> _Task description_: Scan the entries for lines containing the string "assms". Reply with how many there are, and nothing else.

> _Stored data_:
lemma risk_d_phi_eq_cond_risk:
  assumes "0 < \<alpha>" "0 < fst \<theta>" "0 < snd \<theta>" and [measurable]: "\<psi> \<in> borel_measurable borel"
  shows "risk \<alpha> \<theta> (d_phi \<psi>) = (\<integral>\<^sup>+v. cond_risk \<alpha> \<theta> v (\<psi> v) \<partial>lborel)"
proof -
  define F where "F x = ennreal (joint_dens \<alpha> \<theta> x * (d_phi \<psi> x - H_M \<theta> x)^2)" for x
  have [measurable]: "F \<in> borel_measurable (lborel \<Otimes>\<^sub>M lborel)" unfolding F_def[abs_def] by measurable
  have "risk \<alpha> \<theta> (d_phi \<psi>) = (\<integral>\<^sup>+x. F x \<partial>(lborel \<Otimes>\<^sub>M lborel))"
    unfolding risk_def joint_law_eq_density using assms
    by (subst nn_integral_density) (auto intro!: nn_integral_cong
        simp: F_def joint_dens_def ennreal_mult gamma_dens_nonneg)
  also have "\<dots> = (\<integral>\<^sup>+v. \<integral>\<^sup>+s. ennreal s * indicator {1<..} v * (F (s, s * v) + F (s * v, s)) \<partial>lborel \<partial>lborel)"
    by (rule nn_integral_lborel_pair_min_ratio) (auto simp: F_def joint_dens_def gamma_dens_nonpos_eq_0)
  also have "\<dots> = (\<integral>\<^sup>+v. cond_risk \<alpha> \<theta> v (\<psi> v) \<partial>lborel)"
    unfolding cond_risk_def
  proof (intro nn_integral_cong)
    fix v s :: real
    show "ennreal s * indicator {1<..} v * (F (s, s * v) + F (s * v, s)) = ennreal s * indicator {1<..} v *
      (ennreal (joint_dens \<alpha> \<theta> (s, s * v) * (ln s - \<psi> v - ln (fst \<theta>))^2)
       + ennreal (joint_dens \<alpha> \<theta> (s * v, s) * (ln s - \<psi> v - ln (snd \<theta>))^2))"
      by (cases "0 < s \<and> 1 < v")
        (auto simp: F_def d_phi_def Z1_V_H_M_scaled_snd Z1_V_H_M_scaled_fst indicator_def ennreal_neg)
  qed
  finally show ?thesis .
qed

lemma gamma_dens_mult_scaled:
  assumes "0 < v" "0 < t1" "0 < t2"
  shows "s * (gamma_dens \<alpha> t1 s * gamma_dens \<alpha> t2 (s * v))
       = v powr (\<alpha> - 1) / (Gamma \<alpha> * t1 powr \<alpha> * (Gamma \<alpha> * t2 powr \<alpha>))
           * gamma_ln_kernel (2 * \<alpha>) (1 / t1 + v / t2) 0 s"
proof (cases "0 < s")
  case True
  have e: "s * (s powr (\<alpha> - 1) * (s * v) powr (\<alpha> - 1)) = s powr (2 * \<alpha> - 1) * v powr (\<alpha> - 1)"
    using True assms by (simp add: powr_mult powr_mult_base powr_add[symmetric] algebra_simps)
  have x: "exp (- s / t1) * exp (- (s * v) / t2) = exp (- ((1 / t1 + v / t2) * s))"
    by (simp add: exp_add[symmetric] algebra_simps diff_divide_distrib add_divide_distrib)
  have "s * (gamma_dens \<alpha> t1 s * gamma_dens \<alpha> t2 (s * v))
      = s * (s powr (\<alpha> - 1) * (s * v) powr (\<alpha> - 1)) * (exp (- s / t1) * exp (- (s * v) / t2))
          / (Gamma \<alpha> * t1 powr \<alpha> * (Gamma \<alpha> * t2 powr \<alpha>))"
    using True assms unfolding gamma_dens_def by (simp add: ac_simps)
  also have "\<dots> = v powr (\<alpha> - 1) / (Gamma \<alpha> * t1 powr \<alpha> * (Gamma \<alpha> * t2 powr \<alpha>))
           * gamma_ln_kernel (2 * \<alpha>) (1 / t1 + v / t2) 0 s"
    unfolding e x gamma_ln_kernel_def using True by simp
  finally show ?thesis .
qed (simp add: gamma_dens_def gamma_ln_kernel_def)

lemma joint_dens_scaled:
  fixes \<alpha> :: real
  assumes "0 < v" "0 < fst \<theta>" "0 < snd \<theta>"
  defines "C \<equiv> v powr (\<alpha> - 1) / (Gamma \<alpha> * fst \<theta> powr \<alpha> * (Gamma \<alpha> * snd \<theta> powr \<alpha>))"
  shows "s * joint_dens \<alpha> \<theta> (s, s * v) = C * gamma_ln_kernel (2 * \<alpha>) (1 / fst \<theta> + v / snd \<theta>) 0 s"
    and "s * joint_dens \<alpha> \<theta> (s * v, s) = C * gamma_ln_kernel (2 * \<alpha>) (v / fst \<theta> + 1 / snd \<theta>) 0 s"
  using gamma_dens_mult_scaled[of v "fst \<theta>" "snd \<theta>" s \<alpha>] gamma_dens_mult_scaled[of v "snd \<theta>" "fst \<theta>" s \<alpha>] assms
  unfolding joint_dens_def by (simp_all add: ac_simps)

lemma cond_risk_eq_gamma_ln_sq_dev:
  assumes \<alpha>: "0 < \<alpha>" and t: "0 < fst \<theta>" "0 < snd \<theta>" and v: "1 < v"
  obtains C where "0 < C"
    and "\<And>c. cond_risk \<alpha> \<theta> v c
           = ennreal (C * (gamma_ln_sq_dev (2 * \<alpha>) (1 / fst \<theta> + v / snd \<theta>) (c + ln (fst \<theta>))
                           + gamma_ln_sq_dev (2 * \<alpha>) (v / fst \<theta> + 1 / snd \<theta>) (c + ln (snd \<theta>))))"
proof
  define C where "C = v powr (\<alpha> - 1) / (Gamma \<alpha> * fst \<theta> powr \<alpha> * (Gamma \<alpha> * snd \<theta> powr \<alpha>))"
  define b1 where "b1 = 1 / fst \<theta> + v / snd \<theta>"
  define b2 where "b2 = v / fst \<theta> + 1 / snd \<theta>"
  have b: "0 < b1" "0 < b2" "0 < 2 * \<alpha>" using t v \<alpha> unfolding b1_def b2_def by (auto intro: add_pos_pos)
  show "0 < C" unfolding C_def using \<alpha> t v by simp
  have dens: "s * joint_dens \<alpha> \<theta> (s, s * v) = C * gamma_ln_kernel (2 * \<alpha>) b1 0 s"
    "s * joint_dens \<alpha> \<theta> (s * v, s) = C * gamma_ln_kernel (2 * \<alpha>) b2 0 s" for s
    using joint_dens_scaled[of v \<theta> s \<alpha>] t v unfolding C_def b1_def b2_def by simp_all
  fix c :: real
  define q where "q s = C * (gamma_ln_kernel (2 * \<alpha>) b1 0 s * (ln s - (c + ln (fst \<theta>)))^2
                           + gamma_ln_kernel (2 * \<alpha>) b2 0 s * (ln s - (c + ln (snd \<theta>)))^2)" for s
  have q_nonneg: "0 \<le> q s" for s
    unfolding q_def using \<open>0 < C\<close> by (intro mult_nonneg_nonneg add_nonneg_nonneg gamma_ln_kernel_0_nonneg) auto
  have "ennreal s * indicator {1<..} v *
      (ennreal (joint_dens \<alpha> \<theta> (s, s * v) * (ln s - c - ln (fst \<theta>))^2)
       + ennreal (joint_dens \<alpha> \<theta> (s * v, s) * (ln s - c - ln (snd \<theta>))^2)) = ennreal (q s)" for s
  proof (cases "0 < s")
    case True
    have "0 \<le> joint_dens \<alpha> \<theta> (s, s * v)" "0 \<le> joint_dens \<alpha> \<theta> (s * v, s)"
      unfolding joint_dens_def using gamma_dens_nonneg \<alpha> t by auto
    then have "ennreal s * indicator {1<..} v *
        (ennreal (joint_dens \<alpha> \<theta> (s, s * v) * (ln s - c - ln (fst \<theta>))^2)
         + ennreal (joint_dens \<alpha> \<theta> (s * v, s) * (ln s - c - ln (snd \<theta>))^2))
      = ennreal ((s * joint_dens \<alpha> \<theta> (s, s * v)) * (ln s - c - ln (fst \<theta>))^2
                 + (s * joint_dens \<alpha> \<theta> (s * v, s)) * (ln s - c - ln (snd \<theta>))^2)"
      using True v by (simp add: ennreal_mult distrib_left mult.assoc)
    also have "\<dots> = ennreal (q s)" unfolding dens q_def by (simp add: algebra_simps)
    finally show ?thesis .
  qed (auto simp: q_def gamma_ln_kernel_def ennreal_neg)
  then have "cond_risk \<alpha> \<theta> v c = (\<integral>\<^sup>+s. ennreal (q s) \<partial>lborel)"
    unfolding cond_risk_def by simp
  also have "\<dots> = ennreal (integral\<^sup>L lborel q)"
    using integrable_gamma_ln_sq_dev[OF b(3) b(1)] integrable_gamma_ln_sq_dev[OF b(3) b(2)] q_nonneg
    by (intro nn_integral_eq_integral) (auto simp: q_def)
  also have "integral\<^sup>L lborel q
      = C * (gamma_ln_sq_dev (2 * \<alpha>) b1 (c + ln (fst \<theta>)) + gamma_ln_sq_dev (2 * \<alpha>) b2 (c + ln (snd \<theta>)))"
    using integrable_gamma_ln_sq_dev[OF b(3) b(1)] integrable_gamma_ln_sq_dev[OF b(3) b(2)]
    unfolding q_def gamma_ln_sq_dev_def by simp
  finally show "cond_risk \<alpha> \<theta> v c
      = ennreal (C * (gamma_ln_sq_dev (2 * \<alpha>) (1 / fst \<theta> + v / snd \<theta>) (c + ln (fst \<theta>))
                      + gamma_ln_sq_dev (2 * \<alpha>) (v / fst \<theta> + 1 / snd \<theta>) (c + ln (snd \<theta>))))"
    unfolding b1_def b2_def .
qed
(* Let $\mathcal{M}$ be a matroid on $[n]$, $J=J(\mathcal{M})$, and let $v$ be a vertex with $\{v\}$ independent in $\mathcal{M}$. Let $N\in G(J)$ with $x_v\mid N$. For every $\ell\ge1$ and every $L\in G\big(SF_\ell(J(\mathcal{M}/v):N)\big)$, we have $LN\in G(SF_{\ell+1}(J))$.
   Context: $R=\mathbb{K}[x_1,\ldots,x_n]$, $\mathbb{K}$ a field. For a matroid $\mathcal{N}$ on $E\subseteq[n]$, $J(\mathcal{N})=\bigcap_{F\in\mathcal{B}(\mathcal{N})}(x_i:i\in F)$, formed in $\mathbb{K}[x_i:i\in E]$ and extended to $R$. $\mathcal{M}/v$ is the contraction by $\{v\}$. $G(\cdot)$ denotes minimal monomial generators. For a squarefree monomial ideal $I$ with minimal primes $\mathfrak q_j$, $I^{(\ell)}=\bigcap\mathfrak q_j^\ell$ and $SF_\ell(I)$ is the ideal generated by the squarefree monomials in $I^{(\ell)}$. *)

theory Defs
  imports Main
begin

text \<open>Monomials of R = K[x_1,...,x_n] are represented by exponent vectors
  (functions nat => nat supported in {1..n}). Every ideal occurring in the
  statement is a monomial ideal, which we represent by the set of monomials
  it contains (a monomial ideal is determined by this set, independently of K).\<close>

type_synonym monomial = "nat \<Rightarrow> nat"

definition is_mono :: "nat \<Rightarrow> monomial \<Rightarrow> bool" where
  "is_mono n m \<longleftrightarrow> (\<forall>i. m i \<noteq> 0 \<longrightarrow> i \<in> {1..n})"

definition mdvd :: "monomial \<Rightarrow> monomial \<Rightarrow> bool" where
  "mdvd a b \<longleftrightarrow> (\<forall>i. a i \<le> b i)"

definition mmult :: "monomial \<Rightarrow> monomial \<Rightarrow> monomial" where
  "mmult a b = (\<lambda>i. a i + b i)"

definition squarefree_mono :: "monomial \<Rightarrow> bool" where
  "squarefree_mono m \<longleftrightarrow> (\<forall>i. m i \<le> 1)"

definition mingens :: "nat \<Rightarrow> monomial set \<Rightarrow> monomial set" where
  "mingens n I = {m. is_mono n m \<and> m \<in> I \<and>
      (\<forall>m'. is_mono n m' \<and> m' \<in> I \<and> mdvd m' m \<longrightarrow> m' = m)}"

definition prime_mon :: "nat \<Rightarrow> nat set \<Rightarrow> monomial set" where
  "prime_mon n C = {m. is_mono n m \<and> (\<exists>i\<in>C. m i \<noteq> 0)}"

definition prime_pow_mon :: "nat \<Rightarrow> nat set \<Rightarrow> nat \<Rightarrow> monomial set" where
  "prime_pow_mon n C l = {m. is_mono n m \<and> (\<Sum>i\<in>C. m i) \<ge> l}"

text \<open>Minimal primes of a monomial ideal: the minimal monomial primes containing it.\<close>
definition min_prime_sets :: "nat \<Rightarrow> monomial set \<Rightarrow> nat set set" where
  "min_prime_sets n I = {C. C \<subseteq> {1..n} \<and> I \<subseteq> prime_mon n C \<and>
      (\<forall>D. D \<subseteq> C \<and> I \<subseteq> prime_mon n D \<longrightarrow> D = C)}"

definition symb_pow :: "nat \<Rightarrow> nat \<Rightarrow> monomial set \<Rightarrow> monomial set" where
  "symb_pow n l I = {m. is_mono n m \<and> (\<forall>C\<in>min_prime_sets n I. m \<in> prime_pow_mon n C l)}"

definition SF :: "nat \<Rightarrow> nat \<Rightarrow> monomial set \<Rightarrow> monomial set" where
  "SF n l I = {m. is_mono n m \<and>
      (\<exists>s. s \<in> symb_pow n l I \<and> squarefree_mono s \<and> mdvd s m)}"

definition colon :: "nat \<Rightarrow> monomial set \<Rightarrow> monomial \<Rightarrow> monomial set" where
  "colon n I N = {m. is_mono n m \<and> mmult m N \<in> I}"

> _Response below_: 4